His logic is sound but would count for a lot more if they just handed the trophy to the team with the best record every season. That isn't how it works, and the current playoffs are a good example.

Of those four teams with great records this season, teams that won at least 12 games, three of them - Oakland, Kansas City, and Dallas - will be at home watching the conference championship games. Only New England, the Death Star of the NFL, is still alive and playing for the title.

Among the other three survivors, Atlanta did have a first-round bye and home-field advantage in the divisional round, but Green Bay and Pittsburgh had to play in the wild-card round and then win on the road. So, in the four games played last weekend, the teams that earned byes and home-field advantage were 2-2. That doesn't sound like an edge. It sounds like a coin flip.

"When I look back at some of the mistakes I made, they were about just trying to get into the playoffs and believing that once you get into the playoffs, maybe you have a chance every year because it's a shorter field, and you can just get hot," Roseman said.

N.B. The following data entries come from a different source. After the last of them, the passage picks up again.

lemma pd_covd:
  assumes z: "z \<in> \<Omega>" and k: "k \<in> {1,2}"
    and V1: "smooth_on \<Omega> (V 1)" and V2: "smooth_on \<Omega> (V 2)"
  shows "pd i (\<lambda>v. covd g X j V v k) z = pd i (pd j (V k)) z + (\<Sum>a\<in>{1,2}. \<Sum>b\<in>{1,2}.
      (pd 1 (chr g k a b) (X z) * dX X i 1 z + pd 2 (chr g k a b) (X z) * dX X i 2 z) * dX X j a z * V b z
      + chr g k a b (X z) * coord a (pd i (pd j X) z) * V b z + chr g k a b (X z) * dX X j a z * pd i (V b) z)"
proof -
  have kk: "k \<noteq> 3" using k by auto
  have e: "(\<lambda>v. covd g X j V v k) = (\<lambda>v. pd j (V k) v + (chr g k 1 1 (X v) * dX X j 1 v * V 1 v
     + chr g k 1 2 (X v) * dX X j 1 v * V 2 v + chr g k 2 1 (X v) * dX X j 2 v * V 1 v
     + chr g k 2 2 (X v) * dX X j 2 v * V 2 v))"
    using kk by (simp add: covd_def sum12 algebra_simps)
  have dVk: "pd j (V k) differentiable (at z)" using k smooth_d1[OF V1 z] smooth_d1[OF V2 z] by auto
  have dV: "V 1 differentiable (at z)" "V 2 differentiable (at z)" using smooth_d0[OF V1 z] smooth_d0[OF V2 z] by auto
  have dc: "(\<lambda>v. chr g k a b (X v)) differentiable (at z)" if "a \<in> {1,2}" "b \<in> {1,2}" for a b
    using chrX_diff[OF z k that] .
  have dc': "(\<lambda>v. chr g k 1 1 (X v)) differentiable (at z)" "(\<lambda>v. chr g k 1 2 (X v)) differentiable (at z)"
    "(\<lambda>v. chr g k 2 1 (X v)) differentiable (at z)" "(\<lambda>v. chr g k 2 2 (X v)) differentiable (at z)"
    using dc by auto
  have dx: "dX X j 1 differentiable (at z)" "dX X j 2 differentiable (at z)" using dX_diff[OF z] by auto
  have pc: "pd i (\<lambda>v. chr g k a b (X v)) z = pd 1 (chr g k a b) (X z) * dX X i 1 z + pd 2 (chr g k a b) (X z) * dX X i 2 z"
    if "a \<in> {1,2}" "b \<in> {1,2}" for a b using pd_chrX[OF z k that] .
  have "pd i (\<lambda>v. covd g X j V v k) z = pd i (pd j (V k)) z
     + (pd i (\<lambda>v. chr g k 1 1 (X v)) z * dX X j 1 z * V 1 z + chr g k 1 1 (X z) * pd i (dX X j 1) z * V 1 z + chr g k 1 1 (X z) * dX X j 1 z * pd i (V 1) z)
     + (pd i (\<lambda>v. chr g k 1 2 (X v)) z * dX X j 1 z * V 2 z + chr g k 1 2 (X z) * pd i (dX X j 1) z * V 2 z + chr g k 1 2 (X z) * dX X j 1 z * pd i (V 2) z)
     + (pd i (\<lambda>v. chr g k 2 1 (X v)) z * dX X j 2 z * V 1 z + chr g k 2 1 (X z) * pd i (dX X j 2) z * V 1 z + chr g k 2 1 (X z) * dX X j 2 z * pd i (V 1) z)
     + (pd i (\<lambda>v. chr g k 2 2 (X v)) z * dX X j 2 z * V 2 z + chr g k 2 2 (X z) * pd i (dX X j 2) z * V 2 z + chr g k 2 2 (X z) * dX X j 2 z * pd i (V 2) z)"
    unfolding e by (simp add: pd_add pd_mult3 dVk dV dc' dx add.assoc)
  also have "\<dots> = pd i (pd j (V k)) z + (\<Sum>a\<in>{1,2}. \<Sum>b\<in>{1,2}.
      (pd 1 (chr g k a b) (X z) * dX X i 1 z + pd 2 (chr g k a b) (X z) * dX X i 2 z) * dX X j a z * V b z
      + chr g k a b (X z) * coord a (pd i (pd j X) z) * V b z + chr g k a b (X z) * dX X j a z * pd i (V b) z)"
    by (simp only: sum12 pc insert_iff simp_thms pd_dX[OF z])
  finally show ?thesis .
qed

Well, it obviously can happen that way, and usually does for some teams every year. This season, the Steelers were sitting at 4-5 (including a 31-point loss to the Eagles) when they righted themselves and won seven straight to the end of the regular season, a streak that has now grown to nine games. The Packers were 4-6 when they beat the Eagles to begin a roll that has reached eight straight wins. Even the Falcons were muddling along at 6-4 (having also lost to the Eagles) when they managed to win five of their last six.

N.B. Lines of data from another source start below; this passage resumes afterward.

lemma components_eq_fibres:
  fixes f :: "'a::topological_space \<Rightarrow> 'b::real_normed_algebra_1"
  assumes f: "continuous_on S f" and T: "finite T" "f ` S \<subseteq> T"
    and fibre_ne: "\<And>y. y \<in> T \<Longrightarrow> {x \<in> S. f x = y} \<noteq> {}"
    and fibre_conn: "\<And>y. y \<in> T \<Longrightarrow> connected {x \<in> S. f x = y}"
  shows "bij_betw (\<lambda>y. {x \<in> S. f x = y}) T (components S)"
proof -
  have fibre_comp: "{x \<in> S. f x = y} \<in> components S" if y: "y \<in> T" for y
    unfolding in_components_maximal
  proof (intro conjI allI impI)
    fix D assume D: "D \<noteq> {} \<and> {x \<in> S. f x = y} \<subseteq> D \<and> D \<subseteq> S \<and> connected D"
    have "f ` D \<subseteq> T"
      using D T(2) by (meson image_mono order_trans)
    then have "finite (f ` D)"
      using T(1) finite_subset by auto
    moreover have "continuous_on D f"
      using continuous_on_subset[OF f] D by auto
    ultimately have "f constant_on D"
      using continuous_finite_range_constant D by auto
    then obtain a where a: "\<forall>x\<in>D. f x = a"
      unfolding constant_on_def by auto
    obtain x where "x \<in> S" "f x = y"
      using fibre_ne[OF y] by auto
    then have "x \<in> D"
      using D by auto
    then have "a = y"
      using a \<open>f x = y\<close> by auto
    then show "D = {x \<in> S. f x = y}"
      using D a by auto
  qed (use fibre_ne[OF y] fibre_conn[OF y] in auto)
  show ?thesis
  proof (rule bij_betw_imageI)
    show "inj_on (\<lambda>y. {x \<in> S. f x = y}) T"
    proof (rule inj_onI)
      fix y y' assume y: "y \<in> T" and eq: "{x \<in> S. f x = y} = {x \<in> S. f x = y'}"
      obtain x where "x \<in> S" "f x = y"
        using fibre_ne[OF y] by blast
      then show "y = y'"
        using eq by blast
    qed
    show "(\<lambda>y. {x \<in> S. f x = y}) ` T = components S"
    proof (intro subset_antisym subsetI)
      fix C assume C: "C \<in> components S"
      then obtain x where x: "x \<in> C" "x \<in> S"
        using in_components_nonempty in_components_subset by blast
      then have fx: "f x \<in> T"
        using T(2) by blast
      have "C \<inter> {x' \<in> S. f x' = f x} \<noteq> {}"
        using x by blast
      then have "C = {x' \<in> S. f x' = f x}"
        using components_eq[OF C fibre_comp[OF fx]] by blast
      then show "C \<in> (\<lambda>y. {x \<in> S. f x = y}) ` T"
        using fx by blast
    qed (use fibre_comp in blast)
  qed
qed

lemma neg_quotient_power_mult_eq:
  fixes \<zeta> :: complex and \<sigma> S P k :: real
  assumes S: "S \<noteq> 0" and scale: "k * \<sigma> ^ e * P * S = S ^ e"
  shows "of_real k * ((- (\<zeta> * of_real \<sigma> / of_real S)) ^ e * of_real (S * P)) = (-1) ^ e * \<zeta> ^ e"
proof -
  have "- (\<zeta> * of_real \<sigma> / of_real S) = (-1) * (\<zeta> * of_real (\<sigma> / S))"
    by simp
  then have power: "(- (\<zeta> * of_real \<sigma> / of_real S)) ^ e = (-1) ^ e * (\<zeta> ^ e * of_real ((\<sigma> / S) ^ e))"
    by (simp only: power_mult_distrib of_real_power)
  have "k * (\<sigma> / S) ^ e * (S * P) = (k * \<sigma> ^ e * P * S) / S ^ e"
    by (simp add: power_divide field_simps)
  also have "\<dots> = 1"
    using S by (simp only: scale) simp
  finally have one: "of_real k * (of_real ((\<sigma> / S) ^ e) * of_real (S * P)) = (1::complex)"
    by (simp only: of_real_mult[symmetric] of_real_1 mult.assoc)
  have "of_real k * ((- (\<zeta> * of_real \<sigma> / of_real S)) ^ e * of_real (S * P))
      = (-1) ^ e * \<zeta> ^ e * (of_real k * (of_real ((\<sigma> / S) ^ e) * of_real (S * P)))"
    unfolding power by (simp only: mult_ac)
  also have "\<dots> = (-1) ^ e * \<zeta> ^ e"
    by (simp only: one mult_1_right)
  finally show ?thesis .
qed

lemma sum_split_ends:
  "(\<Sum>i=1..(n::nat)+2. f i) = f 1 + (\<Sum>i=2..n+1. f i) + (f (n+2) :: 'a::comm_monoid_add)"
proof -
  have "{1..n+2} = insert 1 (insert (n+2) {2..n+1})" by auto
  then show ?thesis by (simp add: add_ac)
qed

lemma prod_split_ends:
  "(\<Prod>i=1..(n::nat)+2. f i) = f 1 * (\<Prod>i=2..n+1. f i) * (f (n+2) :: 'a::comm_monoid_mult)"
proof -
  have "{1..n+2} = insert 1 (insert (n+2) {2..n+1})" by auto
  then show ?thesis by (simp add: mult_ac)
qed

definition pos_params :: "nat \<Rightarrow> (nat \<Rightarrow> real) set" where
  "pos_params n = {t. \<forall>i\<in>{2..n+1}. 0 < t i}"

definition param_sum :: "nat \<Rightarrow> (nat \<Rightarrow> real) \<Rightarrow> real" where
  "param_sum n t = 1 + (\<Sum>i=2..n+1. t i)"

definition param_prod :: "nat \<Rightarrow> (nat \<Rightarrow> real) \<Rightarrow> real" where
  "param_prod n t = (\<Prod>i=2..n+1. t i)"

text \<open>The representative \<open>(z\<^sub>1, t\<^sub>2, ..., t\<^sub>n\<^sub>+\<^sub>1, 1)\<close> of a point of \<open>U\<^sub>1\<close>; the vanishing
  coordinate sum forces \<open>z\<^sub>1 = -(1 + t\<^sub>2 + ... + t\<^sub>n\<^sub>+\<^sub>1)\<close>.\<close>
definition affine_point :: "nat \<Rightarrow> (nat \<Rightarrow> real) \<Rightarrow> nat \<Rightarrow> complex" where
  "affine_point n t i =
     (if i = 1 then - of_real (param_sum n t) else if i = n + 2 then 1 else of_real (t i))"

definition scaled_point :: "nat \<Rightarrow> complex \<Rightarrow> (nat \<Rightarrow> real) \<Rightarrow> nat \<Rightarrow> complex" where
  "scaled_point n c t i = (if i \<in> {1..n+2} then c * affine_point n t i else 0)"

lemma one_in_pos_params: "(\<lambda>_. 1) \<in> pos_params n"
  by (simp add: pos_params_def)

lemma pos_params_sum_prod_pos:
  assumes "t \<in> pos_params n"
  shows "param_sum n t > 0" "param_prod n t > 0"
proof -
  have "(\<Sum>i=2..n+1. t i) \<ge> 0"
    using assms by (intro sum_nonneg) (auto simp: pos_params_def less_imp_le)
  then show "param_sum n t > 0"
    by (simp add: param_sum_def)
  show "param_prod n t > 0"
    using assms unfolding param_prod_def pos_params_def by (intro prod_pos) auto
qed

lemma sum_affine_point: "(\<Sum>i=1..n+2. affine_point n t i) = 0"
proof -
  have "(\<Sum>i=2..n+1. affine_point n t i) = of_real (param_sum n t - 1)"
    by (simp add: affine_point_def param_sum_def of_real_sum del: sum.cl_ivl_Suc)
  then show ?thesis
    unfolding sum_split_ends by (simp add: affine_point_def)
qed

lemma prod_affine_point:
  "(\<Prod>i=1..n+2. affine_point n t i) = - of_real (param_sum n t * param_prod n t)"
proof -
  have "(\<Prod>i=2..n+1. affine_point n t i) = of_real (param_prod n t)"
    by (simp add: affine_point_def param_prod_def of_real_prod del: prod.cl_ivl_Suc)
  then show ?thesis
    unfolding prod_split_ends by (simp add: affine_point_def)
qed

lemma scaled_point_in_preU1:
  assumes t: "t \<in> pos_params n"
    and c: "c ^ (n+2) * of_real (param_sum n t * param_prod n t) = -1"
  shows "scaled_point n c t \<in> preU1 n"
proof -
  have "(\<Prod>i=1..n+2. scaled_point n c t i) = c ^ (n+2) * (\<Prod>i=1..n+2. affine_point n t i)"
    by (simp add: scaled_point_def prod.distrib)
  then have prod: "(\<Prod>i=1..n+2. scaled_point n c t i) = 1"
    by (simp only: prod_affine_point mult_minus_right c) simp
  have "(\<Sum>i=1..n+2. scaled_point n c t i) = c * (\<Sum>i=1..n+2. affine_point n t i)"
    by (simp add: scaled_point_def sum_distrib_left del: sum.cl_ivl_Suc)
  then have sum: "(\<Sum>i=1..n+2. scaled_point n c t i) = 0"
    by (simp only: sum_affine_point mult_zero_right)
  have "c \<noteq> 0"
    using c by auto
  moreover have "\<forall>i\<in>{1..n+2}. affine_point n t i \<noteq> 0"
  proof
    fix i :: nat assume i: "i \<in> {1..n+2}"
    show "affine_point n t i \<noteq> 0"
    proof (cases "i = 1 \<or> i = n + 2")
      case False
      then have "0 < t i"
        using i t by (simp add: pos_params_def)
      then show ?thesis
        using False by (simp add: affine_point_def)
    qed (use pos_params_sum_prod_pos[OF t] in \<open>auto simp: affine_point_def\<close>)
  qed
  moreover have "\<forall>i\<in>{2..n+1}. affine_point n t i \<in> \<real> \<and> Re (affine_point n t i) > 0"
    using t by (auto simp: affine_point_def pos_params_def)
  ultimately have "\<exists>c' z. c' \<noteq> 0 \<and> z (n+2) = 1 \<and> (\<forall>i\<in>{1..n+2}. z i \<noteq> 0)
      \<and> (\<Sum>i=1..n+2. z i) = 0 \<and> (\<forall>i\<in>{2..n+1}. z i \<in> \<real> \<and> Re (z i) > 0)
      \<and> (\<forall>i\<in>{1..n+2}. scaled_point n c t i = c' * z i)"
    using sum_affine_point[of n t]
    by (intro exI[of _ c] exI[of _ "affine_point n t"])
       (simp add: scaled_point_def affine_point_def del: sum.cl_ivl_Suc)
  moreover have "scaled_point n c t \<in> Mbar0 n"
    using prod sum by (simp add: Mbar0_def scaled_point_def)
  ultimately show ?thesis
    unfolding preU1_def by blast
qed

There's something to be said for teams that can grow beyond their records during the course of a season and into the playoffs. What it usually says is that the coaches of those teams are good at learning what they have and how to best use it. It is like a video game in which they master getting from one level to the next and figure out the cheats. It is that and a dozen other factors. Injured teams get healthy. The healthy teams they are chasing get injured. The schedule smoothes out, and a team gets some confidence and momentum. Then, the playoffs. Go ahead and predict those. A season can be decided on some back judge's interpretation of the pass-interference rule.

So, yes, given the choice, getting a week off is better than playing, and being at home is better than being on the road, and winning 12 or 13 games makes you feel a little better about yourself than slipping in the wild-card door with a 10-6 record. But nothing is good about sitting out the playoffs nursing a plan for the future that might never arrive.

Unlike head coach Doug Pederson, who said the Eagles are close to being contenders, Roseman is pushing a slow build, and he didn't sound so optimistic about 2017. The problem is that while he carefully adds pieces around the offensive core of Carson Wentz and the defensive core of Fletcher Cox, other pieces will fall away. For every hole he slowly fills, another will appear. A total of 25 players on the 2016 roster will become free agents in 2017 or 2018. Some will be re-signed, some won't. Another dozen or so will cease to be either useful or economically feasible over that time.

Instead of painting the bridge and then starting over again at the other end, why not accept the imperfection of a touch-up here and a touch-up there and get into the conversation as often as possible?

Roseman's example of 2008 is actually a good one from that point of view. The Eagles finished 9-6-1 (having been 5-5-1 at one point), barely made the playoffs, then beat Minnesota on the road in the wild-card round and the No. 1-seeded Giants on the road in the divisional round. In the conference championship game, they held a fourth-quarter lead on the Cardinals before the defense allowed a 14-play touchdown drive that cost the Eagles the game with three minutes left and a shot at the Super Bowl against the Steelers. Would they have won the big trophy? Don't know, but they were 9-6-1 and one defensive stop away from finding out.

Aiming high is fine. Everyone's goal is to be the Patriots every year. Good luck with that. This time around, and most times around, it is almost as good to be something a little more attainable. This season, it is the Packers and the Steelers, teams that didn't look like very much in September and October. Turns out that looking good in January is more important.